This was assessed using SD scale. It has good internal consistency Cronbach’s-alpha=0.81[24] and test-retest reliability r=0.71[25]. The instrument contains 6 domains, 26 items and each of the items was rated on a 5 point scale[25]. Sum of scores of the 6 domains yields a total sleep score[7, 26]. A T-score >70 that corresponds to a raw score of 52 or higher in the scoring sheet was rated as pathologic SD[7, 10, 26, 27]. Raw scores less than 52 (or T-score ≤70) were rated as insignificant SD.
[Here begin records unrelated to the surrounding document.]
lemma conj_t_hom:
  assumes "W \<subseteq> Gamma0_up2"
  shows "conj_t \<in> hom (Grp W) SL2Z"
proof (rule homI)
  fix x y assume "x \<in> carrier (Grp W)" "y \<in> carrier (Grp W)"
  then have "x \<in> Gamma0_up2" "y \<in> Gamma0_up2"
    using assms by auto
  then show "conj_t x \<in> carrier SL2Z" "conj_t (x \<otimes>\<^bsub>Grp W\<^esub> y) = conj_t x ** conj_t y"
    by (simp_all add: conj_t_carrier conj_t_mult)
qed

lemma conj_t_Gamma1_Gamma0:
  "x \<in> Gamma1_Gamma0 M R \<inter> Gamma0_up2 \<Longrightarrow> conj_t x \<in> Gamma1_Gamma0 M (2 * R)"
  by (auto simp: Gamma1_Gamma0_def Gamma0_up2_eq elim!: evenE)

lemma conj_t_conj:
  assumes \<alpha>: "\<alpha> \<in> Gamma0_up2" and v: "v \<in> Gamma0_up2"
  shows "conj_t (\<alpha> ** v ** sl_inv \<alpha>) = conj_t \<alpha> ** conj_t v ** sl_inv (conj_t \<alpha>)"
proof -
  interpret t: group_hom "Grp Gamma0_up2" SL2Z conj_t
    by (simp add: group_hom_def group_hom_axioms_def conj_t_hom group_Grp[OF subgroup_Gamma0_up2]
        SL.is_group)
  have "sl_inv \<alpha> \<in> Gamma0_up2" "\<alpha> ** v \<in> Gamma0_up2"
    using subgroup.m_inv_closed[OF subgroup_Gamma0_up2 \<alpha>]
      subgroup.m_closed[OF subgroup_Gamma0_up2 \<alpha> v]
    by auto
  then show ?thesis
    using t.hom_inv[of \<alpha>] \<alpha> v by (simp add: conj_t_mult subgroup_Gamma0_up2)
qed

lemma conj_t_mult_inv_mem:
  assumes "a * d - b * c = 1" "even b" "M dvd c" "R dvd c"
  shows "conj_t (a,b,c,d) ** sl_inv (a,b,c,d) \<in> Gamma1_Gamma0 M R"
proof -
  obtain k where k: "b = 2 * k" using assms(2) by (elim evenE)
  have ad: "a * d = 1 + 2 * k * c" using assms(1) k by simp
  then have "conj_t (a,b,c,d) ** sl_inv (a,b,c,d) = (1 + k * c, - a * k, c * d, 1 - 2 * k * c)"
    using assms(1) k by (simp add: inv_SL2Z SL2Z_simps sl_mult_eq algebra_simps)
  moreover have "(1 + k * c) * (1 - 2 * k * c) + a * k * (c * d) =
      (1 + k * c) * (1 - 2 * k * c) + k * c * (a * d)"
    by (simp add: algebra_simps)
  then have "(1 + k * c) * (1 - 2 * k * c) + a * k * (c * d) = 1"
    unfolding ad by (simp add: algebra_simps)
  ultimately show ?thesis
    using assms by (simp add: Gamma1_Gamma0_def algebra_simps)
qed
Assessment of quality of life

Quality of life was assessed with the parent version of pediatric quality of life inventory (CP-module). The questionnaire has high internal consistency of α=0.91[28] and α=0.96[29]. It consists of 35-items and seven domains. However, the version of the questionnaire for toddlers (aged 2-4 years), consists of 22 items and 6 domains. It enquires about how much of a problem each item has been during the past 1 month. The questionnaire was scored on a 5-point ordinal scale from 0 = “never a problem” to 4 = “almost always a problem”. Items were reverse scored and linearly transformed to a 0-100 scale (0=100, 1=75, 2=50, 3=25, 4=0). The mean scores are computed as the sum of the items divided by the number of items answered so that higher scores indicated better quality of life.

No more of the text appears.